Given entries ::
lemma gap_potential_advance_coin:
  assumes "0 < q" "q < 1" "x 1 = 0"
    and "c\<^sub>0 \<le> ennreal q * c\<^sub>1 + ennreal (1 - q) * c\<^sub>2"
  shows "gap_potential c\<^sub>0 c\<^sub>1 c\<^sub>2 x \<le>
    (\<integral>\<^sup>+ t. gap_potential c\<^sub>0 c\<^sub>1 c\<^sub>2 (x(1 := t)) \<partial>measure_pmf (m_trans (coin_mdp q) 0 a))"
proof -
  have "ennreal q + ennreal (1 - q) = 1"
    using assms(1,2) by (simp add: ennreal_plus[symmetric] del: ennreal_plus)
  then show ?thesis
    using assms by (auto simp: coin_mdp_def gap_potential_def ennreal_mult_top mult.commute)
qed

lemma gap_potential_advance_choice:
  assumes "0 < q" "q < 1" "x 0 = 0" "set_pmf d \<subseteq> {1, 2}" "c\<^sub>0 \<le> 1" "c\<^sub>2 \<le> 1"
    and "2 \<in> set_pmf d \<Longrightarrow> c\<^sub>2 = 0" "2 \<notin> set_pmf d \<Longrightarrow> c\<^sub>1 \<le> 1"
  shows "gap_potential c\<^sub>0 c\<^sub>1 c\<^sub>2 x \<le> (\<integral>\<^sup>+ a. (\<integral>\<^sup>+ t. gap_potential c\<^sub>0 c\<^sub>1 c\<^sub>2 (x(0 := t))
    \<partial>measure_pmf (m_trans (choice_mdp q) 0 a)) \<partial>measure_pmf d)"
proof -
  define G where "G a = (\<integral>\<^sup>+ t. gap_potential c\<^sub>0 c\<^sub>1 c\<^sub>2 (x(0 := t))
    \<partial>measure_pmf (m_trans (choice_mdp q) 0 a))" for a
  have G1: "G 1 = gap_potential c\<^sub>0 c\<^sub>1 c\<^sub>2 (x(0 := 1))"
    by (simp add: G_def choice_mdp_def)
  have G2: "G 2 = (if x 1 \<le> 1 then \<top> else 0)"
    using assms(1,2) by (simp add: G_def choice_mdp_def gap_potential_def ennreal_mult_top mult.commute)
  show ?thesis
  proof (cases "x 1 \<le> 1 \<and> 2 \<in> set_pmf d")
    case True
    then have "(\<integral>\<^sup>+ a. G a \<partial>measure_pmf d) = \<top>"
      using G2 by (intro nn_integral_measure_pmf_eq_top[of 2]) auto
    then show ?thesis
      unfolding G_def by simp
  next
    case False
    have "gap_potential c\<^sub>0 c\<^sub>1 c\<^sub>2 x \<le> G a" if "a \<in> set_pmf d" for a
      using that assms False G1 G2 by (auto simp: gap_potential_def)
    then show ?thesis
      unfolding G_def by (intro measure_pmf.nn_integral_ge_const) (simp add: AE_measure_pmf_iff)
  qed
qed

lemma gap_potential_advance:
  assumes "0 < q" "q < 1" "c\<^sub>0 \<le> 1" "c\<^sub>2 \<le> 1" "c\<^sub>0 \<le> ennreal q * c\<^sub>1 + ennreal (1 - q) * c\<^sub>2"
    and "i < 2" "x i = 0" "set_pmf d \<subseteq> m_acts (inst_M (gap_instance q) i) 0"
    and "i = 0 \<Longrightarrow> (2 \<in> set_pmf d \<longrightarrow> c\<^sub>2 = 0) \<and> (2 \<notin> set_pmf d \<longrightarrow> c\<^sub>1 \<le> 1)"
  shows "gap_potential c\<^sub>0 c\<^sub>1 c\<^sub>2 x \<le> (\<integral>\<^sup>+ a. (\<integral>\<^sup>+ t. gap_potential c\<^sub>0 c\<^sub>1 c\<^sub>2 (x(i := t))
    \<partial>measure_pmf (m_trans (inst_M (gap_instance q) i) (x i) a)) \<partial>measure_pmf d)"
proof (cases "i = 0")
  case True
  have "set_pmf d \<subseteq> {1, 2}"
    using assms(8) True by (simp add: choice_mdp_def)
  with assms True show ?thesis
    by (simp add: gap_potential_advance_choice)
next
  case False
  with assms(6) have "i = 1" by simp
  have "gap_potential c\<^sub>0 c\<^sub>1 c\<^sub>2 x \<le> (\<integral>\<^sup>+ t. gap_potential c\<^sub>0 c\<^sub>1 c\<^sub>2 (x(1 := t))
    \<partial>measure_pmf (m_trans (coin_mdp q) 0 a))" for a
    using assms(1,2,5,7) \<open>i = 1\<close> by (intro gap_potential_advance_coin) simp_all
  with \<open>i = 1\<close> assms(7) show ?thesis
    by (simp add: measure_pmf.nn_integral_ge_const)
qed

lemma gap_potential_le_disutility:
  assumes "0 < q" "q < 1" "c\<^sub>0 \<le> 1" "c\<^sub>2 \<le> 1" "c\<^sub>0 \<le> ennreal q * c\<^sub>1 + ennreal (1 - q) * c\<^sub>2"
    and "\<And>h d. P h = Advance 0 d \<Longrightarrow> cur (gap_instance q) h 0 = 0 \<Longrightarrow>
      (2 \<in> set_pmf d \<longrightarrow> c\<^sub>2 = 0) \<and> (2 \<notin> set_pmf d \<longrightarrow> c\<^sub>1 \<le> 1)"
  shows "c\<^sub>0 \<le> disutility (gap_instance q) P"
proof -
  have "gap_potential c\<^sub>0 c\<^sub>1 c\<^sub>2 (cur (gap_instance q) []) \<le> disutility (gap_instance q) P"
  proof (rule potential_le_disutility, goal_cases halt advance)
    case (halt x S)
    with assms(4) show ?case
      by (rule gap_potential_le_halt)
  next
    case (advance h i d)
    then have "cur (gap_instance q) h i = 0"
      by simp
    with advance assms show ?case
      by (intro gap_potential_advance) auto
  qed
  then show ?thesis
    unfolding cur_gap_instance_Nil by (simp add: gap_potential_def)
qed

What to produce :: Look for the string "unfolding" in the records, and copy every line where it is found.

Result of the exercise ::
      unfolding G_def by simp
      unfolding G_def by (intro measure_pmf.nn_integral_ge_const) (simp add: AE_measure_pmf_iff)
    unfolding cur_gap_instance_Nil by (simp add: gap_potential_def)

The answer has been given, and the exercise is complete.